Five Reasons to Seriously Consider a Business Valuation

Ask business owners when they should obtain a business valuation and many will probably offer a one-word reply: “Retirement!” But there are many other reasons to engage the services of a professional appraiser, such as a forensic accounting firm, besides the arrival of your golden years.

Here are five to consider:

1. You’re selling your business (or buying another one).

If you’re a seller, a valuation will not only estimate how much your company is worth, but also offer insights into how you can improve it. If you’re a buyer, your appraiser can scrutinize any assumptions the seller’s appraiser uses to justify the sale price.

Business appraisers typically use one or more methods to value a company that’s up for sale. These may include an asset- or market-based approach, a discounted cash flow method, or a capitalization of cash flows method. Consult your forensic investigators to take a better look.

2. You’re creating or updating your buy-sell agreement.

Even if a business sale or purchase is the furthest thing from your mind, you still need a buy-sell agreement. Sudden death or disability, withdrawal from employment or a divorce can all throw a business into chaos if such an agreement isn’t in place.

A professional appraiser or forensic accountant can help establish a clearly named and defined standard of value for your buy-sell agreement and determine (and regularly update) a formula for calculating that value. Doing so can prevent any number of conflicts down the road.

3. You’re getting divorced.

The end of a marriage can be a particularly chaotic and emotional time, increasing the risk that business issues go ignored or mishandled. For this reason, obtaining a valuation from your forensic accounting firm during a divorce can serve as a critical protective measure.

Forensic appraisers generally apply so-called going concern valuation methods to functioning businesses that are expected to continue operations following a divorce.
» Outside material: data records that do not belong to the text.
(* Connected sublevel sets and a unique relative minimum make \<theta>0 the strict global minimum
   of Ph, so by lower semicontinuity Ph exceeds Ph(\<theta>0) by some 3\<eta> on the compact frontier
   of a small neighbourhood W of \<theta>0. With probability tending to one, P_n h is uniminimal and,
   by the Glivenko-Cantelli property, uniformly \<eta>-close to Ph near \<theta>0. Then a connected
   sublevel set of P_n h through \<theta>0 and a point outside U would cross the frontier of W,
   where P_n h is too large; so P_n h exceeds P_n h(\<theta>0) + \<eta> everywhere outside U. *)

lemma eint_eq_lebesgue_integral:
  assumes "integrable M g"
  shows "eint M g = ereal (integral\<^sup>L M g)"
proof -
  have fin: "(\<integral>\<^sup>+ x. ennreal (g x) \<partial>M) \<noteq> \<infinity>" "(\<integral>\<^sup>+ x. ennreal (- g x) \<partial>M) \<noteq> \<infinity>"
    using assms by auto
  have "enn2ereal A = ereal (enn2real A)" if "A \<noteq> \<infinity>" for A :: ennreal
    using that by (cases A rule: ennreal_cases) auto
  with fin show ?thesis
    unfolding eint_def real_lebesgue_integral_def[OF assms] by simp
qed

lemma eint_gt_MInf:
  assumes "int_defined M g"
  shows "eint M g > - \<infinity>"
  using assms unfolding int_defined_def eint_def
  by (simp add: ereal_diff_eq_MInfty_iff less_ennreal.rep_eq)
lemma bcf_twos_block_tail_near_1:
  fixes L :: nat
  assumes "x \<notin> \<rat>" "L \<ge> 1" "\<forall>i. a \<le> i \<and> i < a + L \<longrightarrow> bcf_digit x i = 2"
  shows "bcf_tail x a - 1 < 1 / L"
proof -
  have pos: "1 / (bcf_tail x (a + L) - 1) > 0"
    using bcf_tail_gt_1[OF assms(1), of "a + L"] assms(2) by simp
  have "bcf_tail x a - 1 = 1 / (1 / (bcf_tail x (a + L) - 1) + L)"
    using bcf_twos_block_shift[OF assms(1,3)] by (metis inverse_eq_divide inverse_inverse_eq)
  also have "\<dots> < 1 / L" using pos assms(2) by (intro divide_strict_left_mono mult_pos_pos add_pos_nonneg) auto
  finally show ?thesis .
qed

lemma bcf_twos_block_prod_le:
  assumes "x \<notin> \<rat>" "a \<ge> 1" and twos: "\<forall>i. a \<le> i \<and> i < a + L \<longrightarrow> bcf_digit x i = 2"
  shows "(\<Prod>i\<in>{a..<a + L}. bcf_tail x i) \<le> L + 1"
proof -
  define z where "z i = 1 / (bcf_tail x i - 1)" for i
  have z_pos: "z i > 0" if "i \<ge> 1" for i
    using bcf_tail_gt_1[OF assms(1) that] unfolding z_def by simp
  have z_shift: "z i = z (i + M) + M" if "a \<le> i" "i + M \<le> a + L" for i M
    unfolding z_def using twos that by (intro bcf_twos_block_shift[OF assms(1)]) auto
  have prod_eq: "(\<Prod>i\<in>{a..<a + M}. bcf_tail x i) = (z a + 1) / (z (a + M) + 1)" if "M \<le> L" for M
    using that
  proof (induction M)
    case (Suc M)
    have "bcf_tail x (a + M) = (z (a + M) + 1) / z (a + M)"
      using bcf_tail_gt_1[OF assms(1), of "a + M"] assms(2) unfolding z_def by (simp add: field_simps)
    also have "\<dots> = (z (a + M) + 1) / (z (a + Suc M) + 1)"
      using z_shift[of "a + M" 1] Suc.prems by simp
    finally show ?case
      using Suc z_pos[of "a + M"] assms(2) by (simp add: prod.atLeastLessThan_Suc)
  qed (use z_pos[OF assms(2)] in simp)
  have "z a = z (a + L) + L" using z_shift[of a L] by simp
  then have "(\<Prod>i\<in>{a..<a + L}. bcf_tail x i) = (z (a + L) + L + 1) / (z (a + L) + 1)"
    using prod_eq[of L] by simp
  also have "\<dots> \<le> L + 1"
    using z_pos[of "a + L"] assms(2) by (simp add: divide_le_eq algebra_simps)
  finally show ?thesis .
qed

lemma bcf_digits_not_eventually_2:
  assumes "x \<notin> \<rat>" shows "\<exists>m>n. bcf_digit x m \<noteq> 2"
proof (rule ccontr)
  assume "\<not> ?thesis"
  then have shift: "1 / (bcf_tail x (Suc n) - 1) = 1 / (bcf_tail x (Suc n + L) - 1) + L" for L :: nat
    by (intro bcf_twos_block_shift[OF assms]) auto
  obtain L :: nat where L: "1 / (bcf_tail x (Suc n) - 1) < L"
    using reals_Archimedean2 by blast
  have "1 / (bcf_tail x (Suc n + L) - 1) > 0"
    using bcf_tail_Suc_gt_1[OF assms, of "n + L"] by simp
  with shift[of L] L show False by simp
qed

lemma bcf_tail_frequently_ge_2:
  assumes "x \<notin> \<rat>" shows "\<exists>i>n. bcf_tail x i \<ge> 2"
proof -
  obtain i where i: "i > n" "bcf_digit x i \<noteq> 2"
    using bcf_digits_not_eventually_2[OF assms] by blast
  then have "bcf_digit x i \<ge> 3" using bcf_digit_ge_2[OF assms, of i] by simp
  then show ?thesis using i bcf_digit_bounds(1)[OF assms, of i] by force
qed

lemma prod_greaterThanAtMost_unbounded:
  fixes t :: "nat \<Rightarrow> real"
  assumes ge1: "\<forall>i>m. t i \<ge> 1" and ge2: "\<forall>n. \<exists>i>n. t i \<ge> 2"
  shows "\<exists>n\<ge>m. prod t {m<..n} \<ge> 2 ^ k"
proof (induction k)
  case (Suc k)
  then obtain n where n: "n \<ge> m" "prod t {m<..n} \<ge> 2 ^ k" by auto
  obtain j where j: "j > n" "t j \<ge> 2" using ge2 by auto
  have "{m<..j} = insert j ({m<..n} \<union> {n<..<j})" using n j by auto
  then have "prod t {m<..j} = t j * prod t ({m<..n} \<union> {n<..<j})"
    using n j by (simp add: prod.insert)
  also have "\<dots> = prod t {m<..n} * prod t {n<..<j} * t j"
    by (subst prod.union_disjoint) auto
  finally have split: "prod t {m<..j} = prod t {m<..n} * prod t {n<..<j} * t j" .
  moreover have "prod t {n<..<j} \<ge> 1" using ge1 n by (intro prod_ge_1) auto
  moreover have "prod t {m<..n} \<ge> 0" using n(2) by (rule order_trans[rotated]) simp
  ultimately have "prod t {m<..j} \<ge> 2 ^ k * 1 * 2"
    unfolding split using n j by (intro mult_mono mult_nonneg_nonneg) auto
  then show ?case using j n by (intro exI[of _ j]) auto
qed auto

lemma bcf_tail_prod_unbounded:
  assumes "x \<notin> \<rat>" shows "\<exists>n\<ge>m. (\<Prod>i\<in>{m<..n}. bcf_tail x i) \<ge> 2 ^ k"
  using bcf_tail_gt_1[OF assms] bcf_tail_frequently_ge_2[OF assms]
  by (intro prod_greaterThanAtMost_unbounded) (auto intro: less_imp_le)

lemma bcf_digits_inj:
  assumes x: "0 < x" "x < 1" "x \<notin> \<rat>" and y: "0 < y" "y < 1" "y \<notin> \<rat>"
    and digits: "\<forall>n\<ge>1. bcf_digit x n = bcf_digit y n"
  shows "x = y"
proof -
  have "\<bar>x - y\<bar> \<le> (1 / 2) ^ k" for k
  proof -
    obtain n where "(\<Prod>i\<in>{0<..n}. bcf_tail x i) \<ge> 2 ^ k"
      using bcf_tail_prod_unbounded[OF x(3), of 0 k] by auto
    moreover have "{0<..n} = {1..n}" by auto
    ultimately have "bcf_tail_prod x n \<ge> 2 ^ k"
      unfolding bcf_tail_prod_def by simp
    then have Px: "bcf_tail_prod x (Suc n) \<ge> 2 ^ k"
      using bcf_tail_prod_mono[OF x(3), of n "Suc n"] by simp
    have Py: "bcf_tail_prod y (Suc n) \<ge> 1" using bcf_tail_prod_ge_1[OF y(3)] .
    have "\<bar>bcf_tail x (Suc n) - bcf_tail y (Suc n)\<bar> < 1"
      using bcf_digit_bounds[OF x(3), of "Suc n"] bcf_digit_bounds[OF y(3), of "Suc n"] digits
      by fastforce
    moreover have "x - y = (bcf_tail x (Suc n) - bcf_tail y (Suc n))
        / (bcf_tail_prod x (Suc n) * bcf_tail_prod y (Suc n))"
      using digits by (intro bcf_diff_common_prefix[OF x y]) auto
    moreover have pos: "bcf_tail_prod x (Suc n) * bcf_tail_prod y (Suc n) > 0"
      using bcf_tail_prod_pos x(3) y(3) by (simp add: mult_pos_pos)
    ultimately have "\<bar>x - y\<bar> \<le> 1 / (bcf_tail_prod x (Suc n) * bcf_tail_prod y (Suc n))"
      by (simp add: abs_divide divide_right_mono)
    also have "\<dots> \<le> 1 / (2 ^ k * 1)"
      using Px Py pos bcf_tail_prod_ge_1[OF x(3), of "Suc n"] by (intro divide_left_mono mult_mono) auto
    finally show ?thesis by (simp add: power_one_over)
  qed
  then have "\<bar>x - y\<bar> \<le> 0"
    by (intro LIMSEQ_le_const[OF LIMSEQ_power_zero[of "1 / 2 :: real"]]) auto
  then show ?thesis by simp
qed

section \<open>Convergents\<close>

text \<open>For a digit sequence \<open>\<tau>\<close>, \<open>bcf_den_pair \<tau> m = (Q_m, Q_(m-1))\<close> where
  \<open>Q_m = \<tau> m * Q_(m-1) - Q_(m-2)\<close>, \<open>Q_0 = 1\<close>, \<open>Q_(-1) = 0\<close>; \<open>bcf_num_pair\<close> gives the numerators
  \<open>P_m\<close> for the leading digit \<open>b_0 = 1\<close>. Replacing the complete quotient \<open>t_(m+1)\<close> by 1, i.e. all
  later digits by 2, turns \<open>x\<close> into \<open>bcf_conv_num / bcf_conv_den = (P_m - P_(m-1)) / (Q_m - Q_(m-1))\<close>.\<close>

fun bcf_den_pair :: "(nat \<Rightarrow> int) \<Rightarrow> nat \<Rightarrow> int \<times> int" where
  "bcf_den_pair \<tau> 0 = (1, 0)"
| "bcf_den_pair \<tau> (Suc m) =
    (\<tau> (Suc m) * fst (bcf_den_pair \<tau> m) - snd (bcf_den_pair \<tau> m), fst (bcf_den_pair \<tau> m))"
(* Assume $\chi$ is weakly generic, and let $\sigma=\sigma_{a,b}$ be a Serre weight with $\mathcal{S}(\chi_1,\chi_2,\sigma)\neq\varnothing$. For $\tau\in\Sigma$ and $0\le j<e$ put $m_{\tau,j}=\Omega_{\tau,n}+j(p^f-1)$. Then for all $\tau\in\Sigma$, $1\le j<e$ and $0\le k<f''$: if $(m_{\tau,j},k)\in J^{\mathrm{AH}}_\sigma(\chi_1,\chi_2)$ then $(m_{\tau,j-1},k)\in J^{\mathrm{AH}}_\sigma(\chi_1,\chi_2)$.
   Context: Let $p$ be a prime and $K/\mathbf{Q}_p$ finite with residue field $k$, residue degree $f=[k:\mathbf{F}_p]$ and ramification index $e$; $I_K$ is inertia. Fix $\varpi\in\overline{K}$ with $\varpi^{p^f-1}$ a uniformiser; $\omega\colon G_K\to k^\times$ sends $g$ to the reduction of $g(\varpi)/\varpi$. $\Sigma=\mathrm{Hom}_{\mathbf{F}_p}(k,\overline{\mathbf{F}}_p)$, $\varphi(x)=x^p$ on $k$ (so $\Sigma=\{\tau\circ\varphi^i\}$), $\omega_\tau=\tau\circ\omega$, $\Omega_{\tau,a}=\sum_{i=0}^{f-1}p^ia_{\tau\circ\varphi^i}$ for $a\in\mathbf{Z}^\Sigma$. $\chi_1,\chi_2\colon G_K\to\overline{\mathbf{F}}_p^\times$ continuous, $\chi=\chi_1\chi_2^{-1}=\psi\prod_\tau\omega_\tau^{n_\tau}$, $\psi$ unramified, $n_\tau\in[1,p]$, some $n_\tau<p$ (this determines $n$). Weakly generic: $n_\tau\in[e,p-e]$ for all $\tau$. Serre weight $\sigma_{a,b}=\bigotimes_\tau(\det^{b_\tau}\otimes\mathrm{Sym}^{a_\tau-b_\tau}k^2)\otimes_{k,\tau}\overline{\mathbf{F}}_p$, $a_\tau-b_\tau\in[0,p-1]$; $r_\tau=a_\tau-b_\tau+1$. $\mathcal{S}(\chi_1,\chi_2,\sigma)$: pairs $(J,x)$, $J\subseteq\Sigma$, $x_\tau\in[0,e-1]$, with $\chi_1|_{I_K}=\prod_{\tau\in J}\omega_\tau^{a_\tau+1+x_\tau}\prod_{\tau\notin J}\omega_\tau^{b_\tau+x_\tau}$ and $\chi_2|_{I_K}=\prod_{\tau\notin J}\omega_\tau^{a_\tau+e-x_\tau}\prod_{\tau\in J}\omega_\tau^{b_\tau+e-1-x_\tau}$. $s(J,x)_\tau=r_\tau+x_\tau$ if $\tau\in J$, $x_\tau$ if $\tau\notin J$. Order: $(J,x)\preceq(J',x')$ iff $\Omega_{\tau,s(J',x')-s(J,x)}\in(p^f-1)\mathbf{Z}_{\ge0}$ for all $\tau$; a non-empty $\mathcal{S}$ has a unique maximal element $(J,x)$. $J^{\mathrm{AH}}_\sigma(\chi_1,\chi_2)$: let $f'$ be the least $i>0$ with $n_{\tau\circ\varphi^i}=n_\tau$ for all $\tau$, $f''=f/f'$. For $j\ge0$ let $W'_j$ be the set of integers $m$ with $\frac{jp(p^f-1)}{p-1}<m<\frac{(j+1)p(p^f-1)}{p-1}$, $p\nmid m$ and $m\equiv\Omega_{\tau,n}\pmod{p^f-1}$ for some $\tau$; $W'=\bigcup_{j=0}^{e-1}W'_j$, $W=W'\times\{0,\dots,f''-1\}$. For $m\in W'$ fix $\tau_m\in\Sigma$ with $m\equiv\Omega_{\tau_m,n}\pmod{p^f-1}$, and for $\alpha=(m,k)\in W$ put $\tau_\alpha=\tau_m\circ\varphi^{-kf'}$. With $(J,x)$ maximal in $\mathcal{S}$, $s=s(J,x)$, $t_\tau=a_\tau-b_\tau+e-s_\tau$, let $\mathcal{I}_\tau=[0,s_\tau-1]$ if $\tau\notin J$ and $\{t_\tau\}\cup[r_\tau,s_\tau-1]$ if $\tau\in J$, and $\xi_\tau=(p^f-1)s_\tau+\Omega_{\tau,s-t}$. Then $J^{\mathrm{AH}}_\sigma(\chi_1,\chi_2)$ is the set of $\alpha=(m,k)\in W$ such that there exist $\tau\in\Sigma$, $d\in\mathcal{I}_\tau$ and $j\ge0$ with $p^jm=\xi_\tau-d(p^f-1)$ and $\tau_\alpha=\tau\circ\varphi^j$. (Under weak genericity $m_{\tau,j}\in W'_j$.)
   Formalization: The choice of $\tau_m$ for $m\in W'$ depends only on the residue of m modulo $p^f-1$, so $m_{\tau,j}$ and $m_{\tau,j-1}$ get the same $\tau_m$. The statement above fails without it. *)

theory Defs
  imports "HOL-Number_Theory.Number_Theory"
begin

text \<open>The embeddings are indexed by 0..<f: index i stands for
  tau_i = tau_0 o phi^i, so tau_i o phi^j is index (i+j) mod f.
  A restriction to inertia of a character of G_K with values in Fbar_p^* is
  omega_{tau_0}^c for an integer c determined mod p^f - 1; we record it by c.
  Since omega_{tau_i} = omega_{tau_0}^(p^i), prod_tau omega_tau^(a_tau) equals
  omega_{tau_0}^(Omega_{tau_0,a}), and two such characters agree iff the
  exponents agree mod p^f - 1.\<close>

definition NN :: "nat \<Rightarrow> nat \<Rightarrow> int" where
  "NN p f = int p ^ f - 1"

definition Omg :: "nat \<Rightarrow> nat \<Rightarrow> (nat \<Rightarrow> int) \<Rightarrow> nat \<Rightarrow> int" where
  "Omg p f a i = (\<Sum>l<f. int p ^ l * a ((i + l) mod f))"

text \<open>Membership of (J,x) in S(chi_1,chi_2,sigma_{a,b}); c1, c2 are the
  exponents of chi_1|I_K, chi_2|I_K with respect to omega_{tau_0}.
  x is normalised to be 0 outside the index range.\<close>
definition inS :: "nat \<Rightarrow> nat \<Rightarrow> nat \<Rightarrow> (nat \<Rightarrow> int) \<Rightarrow> (nat \<Rightarrow> int) \<Rightarrow> int \<Rightarrow> int
    \<Rightarrow> nat set \<Rightarrow> (nat \<Rightarrow> int) \<Rightarrow> bool" where
  "inS p f e a b c1 c2 J x \<longleftrightarrow>
     J \<subseteq> {..<f} \<and> (\<forall>i<f. 0 \<le> x i \<and> x i \<le> int e - 1) \<and> (\<forall>i\<ge>f. x i = 0) \<and>
     [c1 = Omg p f (\<lambda>i. if i \<in> J then a i + 1 + x i else b i + x i) 0] (mod NN p f) \<and>
     [c2 = Omg p f (\<lambda>i. if i \<notin> J then a i + int e - x i else b i + int e - 1 - x i) 0] (mod NN p f)"

definition sv :: "(nat \<Rightarrow> int) \<Rightarrow> (nat \<Rightarrow> int) \<Rightarrow> nat set \<Rightarrow> (nat \<Rightarrow> int) \<Rightarrow> nat \<Rightarrow> int" where
  "sv a b J x i = (if i \<in> J then a i - b i + 1 + x i else x i)"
They typically use three variations of these methods: 1) A comparable transactions approach, which compares sales of similar businesses, 2) a present value of future cash flows approach, which measures the company’s expected performance, and 3) a net asset value approach, which looks only at assets and liabilities.

4. You’re creating or updating your estate plan.

A company’s value affects the tax-related costs of selling, gifting or bequeathing its business interests. Failing to estimate value properly may leave your heirs on the hook for a sizable estate tax bill that could force them to sell your company after your death.

Arriving at an acceptable value estimate is no easy task. According to IRS Revenue Ruling 59-60, eight factors must be considered when valuing shares in private companies for estate tax (and gift tax) purposes. Engaging a forensic accounting and consulting professional is a must.

5. You’re growing your business.

You’re probably familiar with the old cliché, “You can’t know where you’re going unless you know where you’ve been.” Well, a business appraisal done by a forensic specialty accountant can tell you exactly where your company has been — and where it is — in terms of business performance and value.

Say you want to add a new product line to boost profits but know you’ll need to obtain some outside financing to cover the expenses. You can use a forensic valuation specialist as objective leverage when seeking investors’ or lenders’ financial help.

Granted, obtaining a valuation can be a complex and time-consuming task. But the benefits far outweigh the hassles.